═════ Exercise data

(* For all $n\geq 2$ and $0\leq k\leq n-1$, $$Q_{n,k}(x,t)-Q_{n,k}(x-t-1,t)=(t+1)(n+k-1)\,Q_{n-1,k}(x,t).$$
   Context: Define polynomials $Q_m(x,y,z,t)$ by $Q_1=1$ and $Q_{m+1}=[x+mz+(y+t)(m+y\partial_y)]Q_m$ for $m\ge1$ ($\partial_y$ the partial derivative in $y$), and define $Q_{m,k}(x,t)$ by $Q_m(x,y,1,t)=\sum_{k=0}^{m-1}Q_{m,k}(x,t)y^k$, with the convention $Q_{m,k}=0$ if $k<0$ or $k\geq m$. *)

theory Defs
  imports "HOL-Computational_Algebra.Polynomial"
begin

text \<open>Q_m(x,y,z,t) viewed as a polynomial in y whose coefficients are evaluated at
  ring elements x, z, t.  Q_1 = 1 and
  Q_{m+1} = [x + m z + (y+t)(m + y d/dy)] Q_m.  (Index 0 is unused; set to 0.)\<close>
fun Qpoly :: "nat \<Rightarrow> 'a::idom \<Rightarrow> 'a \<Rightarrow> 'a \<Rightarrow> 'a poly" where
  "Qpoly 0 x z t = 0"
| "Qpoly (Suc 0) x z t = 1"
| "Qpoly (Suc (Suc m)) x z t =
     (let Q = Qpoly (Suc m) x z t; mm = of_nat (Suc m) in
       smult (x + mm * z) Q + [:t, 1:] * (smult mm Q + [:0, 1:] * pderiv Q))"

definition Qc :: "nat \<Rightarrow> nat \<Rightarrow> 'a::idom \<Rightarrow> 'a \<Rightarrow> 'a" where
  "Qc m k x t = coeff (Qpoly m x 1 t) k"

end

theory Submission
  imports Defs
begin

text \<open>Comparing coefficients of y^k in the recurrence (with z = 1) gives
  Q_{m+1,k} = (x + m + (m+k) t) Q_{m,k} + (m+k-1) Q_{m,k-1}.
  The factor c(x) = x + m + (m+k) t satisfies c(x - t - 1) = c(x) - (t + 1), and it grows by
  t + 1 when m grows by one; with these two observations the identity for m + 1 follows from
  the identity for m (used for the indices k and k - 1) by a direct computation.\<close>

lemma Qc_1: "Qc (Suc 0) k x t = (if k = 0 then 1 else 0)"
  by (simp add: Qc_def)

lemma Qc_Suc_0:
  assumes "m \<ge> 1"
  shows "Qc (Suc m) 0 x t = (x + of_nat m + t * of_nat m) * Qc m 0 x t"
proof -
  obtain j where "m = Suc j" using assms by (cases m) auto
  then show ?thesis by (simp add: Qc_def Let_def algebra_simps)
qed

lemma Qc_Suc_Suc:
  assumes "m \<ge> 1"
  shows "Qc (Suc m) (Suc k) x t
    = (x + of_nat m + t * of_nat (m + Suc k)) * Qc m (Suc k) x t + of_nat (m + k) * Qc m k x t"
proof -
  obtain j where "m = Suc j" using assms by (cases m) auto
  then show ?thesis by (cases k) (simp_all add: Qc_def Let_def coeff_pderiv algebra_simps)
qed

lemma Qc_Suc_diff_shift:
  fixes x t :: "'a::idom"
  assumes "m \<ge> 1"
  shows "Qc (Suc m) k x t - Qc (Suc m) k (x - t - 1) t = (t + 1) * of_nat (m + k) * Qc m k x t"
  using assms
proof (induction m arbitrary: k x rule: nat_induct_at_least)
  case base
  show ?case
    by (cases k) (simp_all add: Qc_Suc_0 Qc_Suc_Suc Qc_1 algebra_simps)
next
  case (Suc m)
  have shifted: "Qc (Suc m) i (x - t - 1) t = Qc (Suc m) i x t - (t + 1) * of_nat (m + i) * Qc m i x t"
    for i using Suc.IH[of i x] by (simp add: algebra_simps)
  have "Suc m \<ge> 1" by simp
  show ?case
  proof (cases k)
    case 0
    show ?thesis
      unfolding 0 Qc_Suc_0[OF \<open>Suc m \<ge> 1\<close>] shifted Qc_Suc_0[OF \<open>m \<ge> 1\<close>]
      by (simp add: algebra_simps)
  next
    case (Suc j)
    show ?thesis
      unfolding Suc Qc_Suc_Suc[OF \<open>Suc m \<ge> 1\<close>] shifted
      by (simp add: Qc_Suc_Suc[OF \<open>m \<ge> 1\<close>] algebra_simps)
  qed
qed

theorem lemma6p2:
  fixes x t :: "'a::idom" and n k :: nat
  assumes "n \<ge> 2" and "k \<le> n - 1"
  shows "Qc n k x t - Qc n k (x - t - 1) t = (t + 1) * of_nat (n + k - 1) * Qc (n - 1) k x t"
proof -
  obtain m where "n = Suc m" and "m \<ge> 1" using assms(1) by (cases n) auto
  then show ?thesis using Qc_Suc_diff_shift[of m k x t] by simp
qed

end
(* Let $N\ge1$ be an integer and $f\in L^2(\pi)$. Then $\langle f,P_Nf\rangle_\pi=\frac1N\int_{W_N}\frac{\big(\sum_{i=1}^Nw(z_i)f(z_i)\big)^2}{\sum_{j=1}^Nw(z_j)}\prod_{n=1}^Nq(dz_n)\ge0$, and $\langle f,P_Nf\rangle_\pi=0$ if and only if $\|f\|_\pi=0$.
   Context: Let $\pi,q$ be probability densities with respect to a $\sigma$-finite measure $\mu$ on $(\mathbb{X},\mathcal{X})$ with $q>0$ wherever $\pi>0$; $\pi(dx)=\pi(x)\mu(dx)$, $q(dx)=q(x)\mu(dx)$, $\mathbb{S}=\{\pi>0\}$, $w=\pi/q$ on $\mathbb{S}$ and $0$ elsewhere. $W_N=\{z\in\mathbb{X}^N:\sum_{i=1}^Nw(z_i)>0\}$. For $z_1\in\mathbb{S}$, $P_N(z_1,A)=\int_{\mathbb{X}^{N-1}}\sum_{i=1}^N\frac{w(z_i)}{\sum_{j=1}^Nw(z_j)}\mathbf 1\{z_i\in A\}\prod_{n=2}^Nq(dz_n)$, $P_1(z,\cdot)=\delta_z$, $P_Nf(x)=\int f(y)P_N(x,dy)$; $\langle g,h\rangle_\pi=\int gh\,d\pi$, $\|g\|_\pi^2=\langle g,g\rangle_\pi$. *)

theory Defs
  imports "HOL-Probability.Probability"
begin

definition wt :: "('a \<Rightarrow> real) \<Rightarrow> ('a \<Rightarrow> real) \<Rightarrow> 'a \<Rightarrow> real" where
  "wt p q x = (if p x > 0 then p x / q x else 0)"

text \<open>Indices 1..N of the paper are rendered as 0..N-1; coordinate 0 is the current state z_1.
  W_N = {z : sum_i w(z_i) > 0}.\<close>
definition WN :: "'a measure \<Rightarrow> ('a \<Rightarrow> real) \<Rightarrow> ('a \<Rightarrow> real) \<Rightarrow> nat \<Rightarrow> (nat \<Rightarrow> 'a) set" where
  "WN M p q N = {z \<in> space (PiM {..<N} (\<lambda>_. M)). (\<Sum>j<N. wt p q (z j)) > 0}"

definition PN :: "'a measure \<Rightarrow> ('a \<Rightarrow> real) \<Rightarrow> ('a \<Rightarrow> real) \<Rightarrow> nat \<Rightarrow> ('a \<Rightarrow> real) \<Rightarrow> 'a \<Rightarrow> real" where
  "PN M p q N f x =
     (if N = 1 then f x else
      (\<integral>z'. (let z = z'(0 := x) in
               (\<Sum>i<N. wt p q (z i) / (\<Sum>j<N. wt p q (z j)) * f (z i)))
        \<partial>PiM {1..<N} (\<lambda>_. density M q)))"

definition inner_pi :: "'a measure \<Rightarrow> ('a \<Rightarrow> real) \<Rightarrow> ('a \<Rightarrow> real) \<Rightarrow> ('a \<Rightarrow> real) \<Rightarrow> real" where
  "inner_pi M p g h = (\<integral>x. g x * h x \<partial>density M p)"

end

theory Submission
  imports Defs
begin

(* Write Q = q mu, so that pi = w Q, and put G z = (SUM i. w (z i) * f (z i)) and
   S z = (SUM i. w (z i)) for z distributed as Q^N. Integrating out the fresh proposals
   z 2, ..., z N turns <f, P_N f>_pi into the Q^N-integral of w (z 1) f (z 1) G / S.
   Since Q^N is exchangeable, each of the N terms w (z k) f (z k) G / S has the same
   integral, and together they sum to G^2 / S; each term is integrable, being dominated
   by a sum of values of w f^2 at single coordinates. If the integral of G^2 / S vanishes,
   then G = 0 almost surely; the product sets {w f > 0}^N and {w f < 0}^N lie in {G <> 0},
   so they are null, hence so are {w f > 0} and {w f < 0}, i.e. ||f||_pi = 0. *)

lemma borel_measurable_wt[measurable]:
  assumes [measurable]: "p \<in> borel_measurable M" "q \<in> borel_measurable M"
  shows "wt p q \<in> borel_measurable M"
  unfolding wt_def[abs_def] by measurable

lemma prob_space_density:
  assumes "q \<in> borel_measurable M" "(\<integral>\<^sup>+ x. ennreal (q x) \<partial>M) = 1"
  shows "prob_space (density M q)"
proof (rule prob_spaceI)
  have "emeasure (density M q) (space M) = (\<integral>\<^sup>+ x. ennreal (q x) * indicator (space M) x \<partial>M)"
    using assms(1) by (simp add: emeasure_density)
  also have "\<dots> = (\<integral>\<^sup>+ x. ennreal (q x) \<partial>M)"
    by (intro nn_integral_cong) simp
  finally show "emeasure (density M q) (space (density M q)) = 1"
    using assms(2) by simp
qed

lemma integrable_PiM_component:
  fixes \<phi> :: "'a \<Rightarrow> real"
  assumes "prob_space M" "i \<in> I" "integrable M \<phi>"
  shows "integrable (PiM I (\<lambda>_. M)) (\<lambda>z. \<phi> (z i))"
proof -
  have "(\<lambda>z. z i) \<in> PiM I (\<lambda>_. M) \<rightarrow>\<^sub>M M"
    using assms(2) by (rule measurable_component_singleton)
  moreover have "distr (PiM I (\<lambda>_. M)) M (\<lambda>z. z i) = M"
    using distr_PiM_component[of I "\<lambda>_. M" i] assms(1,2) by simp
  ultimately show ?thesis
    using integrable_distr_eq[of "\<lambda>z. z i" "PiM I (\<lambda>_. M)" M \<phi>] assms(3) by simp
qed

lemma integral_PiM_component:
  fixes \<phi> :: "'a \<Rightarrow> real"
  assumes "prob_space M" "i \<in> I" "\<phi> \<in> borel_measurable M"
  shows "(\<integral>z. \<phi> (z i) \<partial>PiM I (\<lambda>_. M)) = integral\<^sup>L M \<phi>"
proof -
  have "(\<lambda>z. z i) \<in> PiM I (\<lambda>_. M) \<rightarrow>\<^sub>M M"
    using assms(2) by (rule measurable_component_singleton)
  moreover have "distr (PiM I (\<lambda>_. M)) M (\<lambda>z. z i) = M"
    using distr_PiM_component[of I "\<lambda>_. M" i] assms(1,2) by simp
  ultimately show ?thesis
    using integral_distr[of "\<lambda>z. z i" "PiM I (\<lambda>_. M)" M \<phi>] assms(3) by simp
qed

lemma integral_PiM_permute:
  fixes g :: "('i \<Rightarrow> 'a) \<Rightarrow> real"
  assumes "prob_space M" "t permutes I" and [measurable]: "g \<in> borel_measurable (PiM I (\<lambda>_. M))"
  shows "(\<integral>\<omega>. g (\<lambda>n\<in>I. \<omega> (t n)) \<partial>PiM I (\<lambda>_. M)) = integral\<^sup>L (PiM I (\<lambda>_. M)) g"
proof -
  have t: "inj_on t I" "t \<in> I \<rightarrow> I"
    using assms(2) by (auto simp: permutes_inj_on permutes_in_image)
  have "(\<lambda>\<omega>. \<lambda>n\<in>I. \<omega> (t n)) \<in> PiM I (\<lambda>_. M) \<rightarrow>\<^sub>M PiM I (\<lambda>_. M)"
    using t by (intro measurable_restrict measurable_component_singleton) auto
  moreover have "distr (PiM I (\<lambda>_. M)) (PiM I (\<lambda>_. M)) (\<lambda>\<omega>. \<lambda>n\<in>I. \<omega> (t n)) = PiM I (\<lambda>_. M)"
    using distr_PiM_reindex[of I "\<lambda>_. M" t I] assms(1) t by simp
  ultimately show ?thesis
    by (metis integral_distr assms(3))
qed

══════════

**The problem**
The response must consist solely of the lines from the top of the records through the line holding "(x + m + (m+k) t)", copied word for word.

**Written solution**
(* For all $n\geq 2$ and $0\leq k\leq n-1$, $$Q_{n,k}(x,t)-Q_{n,k}(x-t-1,t)=(t+1)(n+k-1)\,Q_{n-1,k}(x,t).$$
   Context: Define polynomials $Q_m(x,y,z,t)$ by $Q_1=1$ and $Q_{m+1}=[x+mz+(y+t)(m+y\partial_y)]Q_m$ for $m\ge1$ ($\partial_y$ the partial derivative in $y$), and define $Q_{m,k}(x,t)$ by $Q_m(x,y,1,t)=\sum_{k=0}^{m-1}Q_{m,k}(x,t)y^k$, with the convention $Q_{m,k}=0$ if $k<0$ or $k\geq m$. *)

theory Defs
  imports "HOL-Computational_Algebra.Polynomial"
begin

text \<open>Q_m(x,y,z,t) viewed as a polynomial in y whose coefficients are evaluated at
  ring elements x, z, t.  Q_1 = 1 and
  Q_{m+1} = [x + m z + (y+t)(m + y d/dy)] Q_m.  (Index 0 is unused; set to 0.)\<close>
fun Qpoly :: "nat \<Rightarrow> 'a::idom \<Rightarrow> 'a \<Rightarrow> 'a \<Rightarrow> 'a poly" where
  "Qpoly 0 x z t = 0"
| "Qpoly (Suc 0) x z t = 1"
| "Qpoly (Suc (Suc m)) x z t =
     (let Q = Qpoly (Suc m) x z t; mm = of_nat (Suc m) in
       smult (x + mm * z) Q + [:t, 1:] * (smult mm Q + [:0, 1:] * pderiv Q))"

definition Qc :: "nat \<Rightarrow> nat \<Rightarrow> 'a::idom \<Rightarrow> 'a \<Rightarrow> 'a" where
  "Qc m k x t = coeff (Qpoly m x 1 t) k"

end

theory Submission
  imports Defs
begin

text \<open>Comparing coefficients of y^k in the recurrence (with z = 1) gives
  Q_{m+1,k} = (x + m + (m+k) t) Q_{m,k} + (m+k-1) Q_{m,k-1}.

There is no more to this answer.